A lot of the darker bark was peeling back, the way that sycamores do, and splotches of new white bark showed through. Dad had also told us the sycamores were older than this farmhouse; the original house had burned down in the 19th century, but the trees had not burned, and Poppa had built this house right where the old one had been.

Dead leaves crunched under my feet as I walked around to the back of the house. I stood by the back corner for a few minutes, just looking around at what had been the back yard, the tree branch that had held the rope swing, the little grassy space by the woods where I had played, and where leaves had now piled up for years.
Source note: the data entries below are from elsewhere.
lemma card_strip_row:
  assumes w: "0 < w" and s: "0 < s"
  shows "real (card (strip_row u w s a))
    = 2 * s / w + 1 - frac (s / w + of_int a * - (u / w)) - frac (s / w + of_int a * (u / w))"
proof -
  define lo where "lo = (- s - of_int a * u) / w"
  define hi where "hi = (s - of_int a * u) / w"
  have hi: "hi = lo + 2 * s / w" and hi': "hi = s / w + of_int a * - (u / w)"
    and lo: "- lo = s / w + of_int a * (u / w)"
    using w by (simp_all add: lo_def hi_def field_simps)
  have "0 < 2 * s / w" using w s by simp
  then have "of_int (\<lceil>lo\<rceil> - 1) \<le> hi" using ceiling_correct[of lo] hi by simp
  then have "\<lceil>lo\<rceil> - 1 \<le> \<lfloor>hi\<rfloor>" by (simp only: le_floor_iff)
  then have "real (card (strip_row u w s a)) = of_int \<lfloor>hi\<rfloor> - of_int \<lceil>lo\<rceil> + 1"
    using w by (simp add: strip_row_eq_interval lo_def hi_def)
  also have "\<dots> = hi - frac hi - (lo + frac (- lo)) + 1"
    by (simp add: frac_def ceiling_def)
  finally show ?thesis using hi lo hi' by simp
qed

lemma card_strip_row_bounds:
  assumes "0 < w" and "0 < s"
  shows "of_int \<lfloor>2 * s / w\<rfloor> \<le> real (card (strip_row u w s a))"
    and "real (card (strip_row u w s a)) \<le> 2 * s / w + 1"
proof -
  define x y where "x = s / w + of_int a * - (u / w)" and "y = s / w + of_int a * (u / w)"
  have card: "real (card (strip_row u w s a)) = 2 * s / w + 1 - frac x - frac y"
    using card_strip_row[OF assms] by (simp add: x_def y_def)
  then show "real (card (strip_row u w s a)) \<le> 2 * s / w + 1"
    using frac_ge_0[of x] frac_ge_0[of y] by linarith
  have "of_int \<lfloor>2 * s / w\<rfloor> < real (card (strip_row u w s a)) + 1"
    using card frac_lt_1[of x] frac_lt_1[of y] of_int_floor_le[of "2 * s / w"] by linarith
  then have "\<lfloor>2 * s / w\<rfloor> < int (card (strip_row u w s a)) + 1"
    by (metis of_int_less_iff of_int_of_nat_eq of_int_1 of_int_add)
  then show "of_int \<lfloor>2 * s / w\<rfloor> \<le> real (card (strip_row u w s a))" by linarith
qed

lemma strip_row_mean_tendsto:
  assumes "0 < w" and "0 < s"
  obtains \<mu> where "(\<lambda>m. (\<Sum>a<m. real (card (strip_row u w s (int a)))) / real m) \<longlonglongrightarrow> \<mu>"
    and "of_int \<lfloor>2 * s / w\<rfloor> \<le> \<mu>" and "\<mu> \<le> 2 * s / w + 1"
proof -
  define c where "c a = real (card (strip_row u w s (int a)))" for a
  define F1 F2 where "F1 = frac_sum (- (u / w)) (s / w)" and "F2 = frac_sum (u / w) (s / w)"
  obtain L1 L2 where L1: "(\<lambda>m. F1 m / real m) \<longlonglongrightarrow> L1" and L2: "(\<lambda>m. F2 m / real m) \<longlonglongrightarrow> L2"
    using frac_sum_mean_convergent unfolding F1_def F2_def convergent_def by blast
  define \<mu> where "\<mu> = (2 * s / w + 1) - L1 - L2"
  have sum: "(\<Sum>a<m. c a) = real m * (2 * s / w + 1) - F1 m - F2 m" for m
    using card_strip_row[OF assms]
    by (simp add: c_def F1_def F2_def frac_sum_def sum_subtractf)
  have "(\<lambda>m. (2 * s / w + 1) - F1 m / real m - F2 m / real m) \<longlonglongrightarrow> \<mu>"
    unfolding \<mu>_def by (intro tendsto_intros L1 L2)
  moreover have "\<forall>\<^sub>F m in sequentially.
      (2 * s / w + 1) - F1 m / real m - F2 m / real m = (\<Sum>a<m. c a) / real m"
    using eventually_gt_at_top[of "0::nat"] by eventually_elim (simp add: sum field_simps)
  ultimately have lim: "(\<lambda>m. (\<Sum>a<m. c a) / real m) \<longlonglongrightarrow> \<mu>"
    by (rule Lim_transform_eventually)
  have "\<forall>\<^sub>F m in sequentially. of_int \<lfloor>2 * s / w\<rfloor> \<le> (\<Sum>a<m. c a) / real m
      \<and> (\<Sum>a<m. c a) / real m \<le> 2 * s / w + 1"
    using eventually_gt_at_top[of "0::nat"]
  proof eventually_elim
    case (elim m)
    have "real m * of_int \<lfloor>2 * s / w\<rfloor> \<le> (\<Sum>a<m. c a)" "(\<Sum>a<m. c a) \<le> real m * (2 * s / w + 1)"
      using sum_mono[of "{..<m}" "\<lambda>_. of_int \<lfloor>2 * s / w\<rfloor>" c]
        sum_mono[of "{..<m}" c "\<lambda>_. 2 * s / w + 1"] card_strip_row_bounds[OF assms]
      by (auto simp: c_def)
    then show ?case using elim by (simp add: field_simps)
  qed
  then have "of_int \<lfloor>2 * s / w\<rfloor> \<le> \<mu>" "\<mu> \<le> 2 * s / w + 1"
    by (auto intro: tendsto_lowerbound[OF lim] tendsto_upperbound[OF lim] elim: eventually_mono)
  with lim show ?thesis using that unfolding c_def by blast
qed

section \<open>Sums over growing windows\<close>

lemma sum_int_atLeastAtMost_split:
  fixes c :: "int \<Rightarrow> real"
  assumes "l \<le> n" and "0 \<le> n"
  shows "(\<Sum>a\<in>{l..n}. c a) = (\<Sum>a\<in>{0..n}. c a) + ((\<Sum>a\<in>{l..<0}. c a) - (\<Sum>a\<in>{0..<l}. c a))"
proof (cases "l \<le> 0")
  case True
  then have "{l..n} = {l..<0} \<union> {0..n}" using assms by auto
  then show ?thesis using True by (simp add: sum.union_disjoint ivl_disj_int)
next
  case False
  then have "{0..n} = {0..<l} \<union> {l..n}" using assms by auto
  then show ?thesis using False by (simp add: sum.union_disjoint ivl_disj_int)
qed

lemma sum_int_atLeast0_atMost:
  "0 \<le> n \<Longrightarrow> (\<Sum>a\<in>{0..n}. c a) = (\<Sum>a<nat n + 1. c (int a))"
  using sum.atLeast_int_atMost_int_shift[of c 0 "nat n"]
  by (simp add: lessThan_Suc_atMost atLeast0AtMost o_def)

lemma floor_mean_tendsto:
  fixes c :: "nat \<Rightarrow> real"
  assumes "(\<lambda>m. (\<Sum>a<m. c a) / real m) \<longlonglongrightarrow> \<mu>"
  shows "((\<lambda>Y. (\<Sum>a<nat \<lfloor>Y\<rfloor> + 1. c a) / Y) \<longlongrightarrow> \<mu>) at_top"
proof -
  have "filterlim (\<lambda>Y::real. nat \<lfloor>Y\<rfloor> + 1) sequentially at_top"
    unfolding filterlim_at_top eventually_at_top_linorder
    by (metis le_SucI le_nat_floor Suc_eq_plus1)
  from filterlim_compose[OF assms this]
  have "((\<lambda>Y. (\<Sum>a<nat \<lfloor>Y\<rfloor> + 1. c a) / real (nat \<lfloor>Y\<rfloor> + 1) * (real (nat \<lfloor>Y\<rfloor> + 1) / Y))
      \<longlongrightarrow> \<mu> * 1) at_top"
    by (intro tendsto_mult) (simp_all add: o_def, real_asymp)
  then show ?thesis by simp
qed

lemma window_sum_mean_tendsto:
  fixes c :: "int \<Rightarrow> real"
  assumes mean: "(\<lambda>m. (\<Sum>a<m. c (int a)) / real m) \<longlonglongrightarrow> \<mu>" and K: "0 < K"
  shows "((\<lambda>T. (\<Sum>a\<in>{\<lceil>l\<rceil>..\<lfloor>K * T + b\<rfloor>}. c a) / T) \<longlongrightarrow> K * \<mu>) at_top"
proof -
  define h where "h Y = (\<Sum>a<nat \<lfloor>Y\<rfloor> + 1. c (int a))" for Y :: real
  define C where "C = (\<Sum>a\<in>{\<lceil>l\<rceil>..<0}. c a) - (\<Sum>a\<in>{0..<\<lceil>l\<rceil>}. c a)"
  have "filterlim (\<lambda>T. K * T + b) at_top at_top" using K by real_asymp
  from filterlim_compose[OF floor_mean_tendsto[OF mean] this]
  have "((\<lambda>T. h (K * T + b) / (K * T + b) * ((K * T + b) / T) + C / T) \<longlongrightarrow> \<mu> * K + 0) at_top"
    unfolding h_def using K by (intro tendsto_intros) (simp_all add: o_def, real_asymp+)
  moreover have "\<forall>\<^sub>F T in at_top. of_int (max \<lceil>l\<rceil> 0) + 1 \<le> K * T + b" using K by real_asymp
  then have "\<forall>\<^sub>F T in at_top. h (K * T + b) / (K * T + b) * ((K * T + b) / T) + C / T
      = (\<Sum>a\<in>{\<lceil>l\<rceil>..\<lfloor>K * T + b\<rfloor>}. c a) / T"
    using eventually_gt_at_top[of 0]
  proof eventually_elim
    case (elim T)
    then have "\<lceil>l\<rceil> \<le> \<lfloor>K * T + b\<rfloor>" "0 \<le> \<lfloor>K * T + b\<rfloor>" by linarith+
    then have "(\<Sum>a\<in>{\<lceil>l\<rceil>..\<lfloor>K * T + b\<rfloor>}. c a) = h (K * T + b) + C"
      unfolding sum_int_atLeastAtMost_split[OF \<open>\<lceil>l\<rceil> \<le> _\<close> \<open>0 \<le> _\<close>]
        sum_int_atLeast0_atMost[OF \<open>0 \<le> _\<close>] by (simp add: h_def C_def)
    moreover have "0 < K * T + b" using elim by linarith
    then have "h (K * T + b) / (K * T + b) * ((K * T + b) / T) = h (K * T + b) / T" by simp
    ultimately show ?case by (simp add: add_divide_distrib)
  qed
  ultimately show ?thesis by (simp add: tendsto_cong mult.commute)
qed

section \<open>Counting the robots\<close>

definition hex_point :: "real \<Rightarrow> real \<Rightarrow> int \<times> int \<Rightarrow> real \<times> real" where
  "hex_point d \<theta> ab =
     (of_int (fst ab) * d * cos \<theta> + of_int (snd ab) * d * cos (\<theta> + pi/3),
      of_int (fst ab) * d * sin \<theta> + of_int (snd ab) * d * sin (\<theta> + pi/3))"

lemma hex_lattice_eq_range: "hex_lattice d \<theta> = range (hex_point d \<theta>)"
  unfolding hex_lattice_def hex_point_def by (auto simp: image_iff) (metis fst_conv snd_conv)

lemma sin_cos_cross_pi_third: "sin (\<theta> + pi/3) * cos \<theta> - cos (\<theta> + pi/3) * sin \<theta> = sqrt 3 / 2"
  using sin_diff[of "\<theta> + pi/3" \<theta>] by (simp add: sin_60)

lemma hex_point_coord_fst:
  "fst (hex_point d \<theta> ab) * (d * sin (\<theta> + pi/3)) - snd (hex_point d \<theta> ab) * (d * cos (\<theta> + pi/3))
     = of_int (fst ab) * (sqrt 3 / 2 * d\<^sup>2)"
proof -
  have "fst (hex_point d \<theta> ab) * (d * sin (\<theta> + pi/3)) - snd (hex_point d \<theta> ab) * (d * cos (\<theta> + pi/3))
      = of_int (fst ab) * d\<^sup>2 * (sin (\<theta> + pi/3) * cos \<theta> - cos (\<theta> + pi/3) * sin \<theta>)"
    by (simp add: hex_point_def power2_eq_square algebra_simps)
  then show ?thesis by (simp add: sin_cos_cross_pi_third)
qed

lemma hex_point_coord_snd:
  "snd (hex_point d \<theta> ab) * (d * cos \<theta>) - fst (hex_point d \<theta> ab) * (d * sin \<theta>)
     = of_int (snd ab) * (sqrt 3 / 2 * d\<^sup>2)"
proof -
  have "snd (hex_point d \<theta> ab) * (d * cos \<theta>) - fst (hex_point d \<theta> ab) * (d * sin \<theta>)
      = of_int (snd ab) * d\<^sup>2 * (sin (\<theta> + pi/3) * cos \<theta> - cos (\<theta> + pi/3) * sin \<theta>)"
    by (simp add: hex_point_def power2_eq_square algebra_simps)
  then show ?thesis by (simp add: sin_cos_cross_pi_third)
qed

lemma inj_hex_point:
  assumes "d \<noteq> 0"
  shows "inj (hex_point d \<theta>)"
proof (rule injI)
  fix ab ab' assume "hex_point d \<theta> ab = hex_point d \<theta> ab'"
  then have "of_int (fst ab) * (sqrt 3 / 2 * d\<^sup>2) = of_int (fst ab') * (sqrt 3 / 2 * d\<^sup>2)"
    and "of_int (snd ab) * (sqrt 3 / 2 * d\<^sup>2) = of_int (snd ab') * (sqrt 3 / 2 * d\<^sup>2)"
    by (metis hex_point_coord_fst, metis hex_point_coord_snd)
  then show "ab = ab'" using assms by (simp add: prod_eq_iff)
qed

lemma reached_imp_strip:
  assumes "reached v s T (x, y)" and "0 \<le> s" and "0 \<le> v"
  shows "\<bar>y\<bar> \<le> s" and "x \<le> v * T"
proof -
  obtain t where t: "0 \<le> t" "t \<le> T" and "norm (s + x - v * t, y) \<le> s"
    using assms(1) by (auto simp: reached_def)
  then have "(s + x - v * t)\<^sup>2 + y\<^sup>2 \<le> s\<^sup>2"
    by (intro sqrt_le_D) (simp add: norm_Pair)
  then have "\<bar>y\<bar> \<le> \<bar>s\<bar>" "\<bar>s + x - v * t\<bar> \<le> \<bar>s\<bar>"
    by (simp_all only: abs_le_square_iff) (auto intro: order_trans[rotated])
  moreover have "v * t \<le> v * T" using t assms(3) by (simp add: mult_left_mono)
  ultimately show "\<bar>y\<bar> \<le> s" and "x \<le> v * T" using assms(2) by linarith+
qed
lemma reached_if_strip:
  assumes "0 \<le> x" "x \<le> v * T - s" "\<bar>y\<bar> \<le> s" "0 < v"
  shows "reached v s T (x, y)"
  unfolding reached_def
proof (intro bexI)
  show "norm (s + fst (x, y) - v * ((s + x) / v), snd (x, y)) \<le> s" using assms by (simp add: norm_Pair)
  show "(s + x) / v \<in> {0..T}"
    using assms by (auto simp: pos_divide_le_eq mult.commute)
qed

locale hex_robots =
  fixes v d s \<theta> :: real
  assumes v_pos: "0 < v" and d_pos: "0 < d" and s_pos: "0 < s"
    and sin_tilt_pos: "0 < sin (\<theta> + pi/3)"
begin

text \<open>
  A point of the strip lies in row \<open>a = (x w\<^sub>y - y w\<^sub>x) / cell_area\<close>, which differs from
  \<open>x w\<^sub>y / cell_area\<close> by at most \<open>overhang\<close>; the rows meeting \<open>0 \<le> x \<le> vT\<close> thus number
  \<open>rate * T\<close> up to a bounded error.
\<close>

definition uy :: real where "uy = d * sin \<theta>"
definition wx :: real where "wx = d * cos (\<theta> + pi/3)"
definition wy :: real where "wy = d * sin (\<theta> + pi/3)"
definition cell_area :: real where "cell_area = sqrt 3 / 2 * d\<^sup>2"
definition overhang :: real where "overhang = s * \<bar>wx\<bar> / cell_area"
definition rate :: real where "rate = v * wy / cell_area"

definition reached_pairs :: "real \<Rightarrow> (int \<times> int) set" where
  "reached_pairs T = {ab. 0 \<le> fst (hex_point d \<theta> ab) \<and> reached v s T (hex_point d \<theta> ab)}"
Since the trees were just beginning to show new leaves, more light reached the ground than in summer when a dense green canopy shaded the yard and I saw a few broken beer bottles among the dried leaves; hunters, I guessed. A few broken shards of glass hung from the frame of my old bedroom window and much of the paint had worn off the house, leaving gray weatherboard exposed. There were holes in the weatherboard on the side of the house that faced the big field; buckshot from deer hunters who no longer had to worry about anyone living in the house. Most of the other windows were broken out as well and the house sagged where rain had blown in for years. No one would be rebuilding this place, I thought as I turned to go back to the car.

And that is when I saw it.

When we had moved to the farm and started clearing the yard, I came across the trunk of a small tree near the edge of the woods behind the house. My uncle had already cut down small trees and cleared out brush where what would be our yard ended at the woods behind the house but had missed that one. It was about six inches diameter and maybe two feet tall, and a few branches that had grown up above it. And those branches sprouted numerous thin bare branches that arched up and then curved downward. To cut it down I would need the chainsaw and knew dad would not let me use that, so I got him to look at it.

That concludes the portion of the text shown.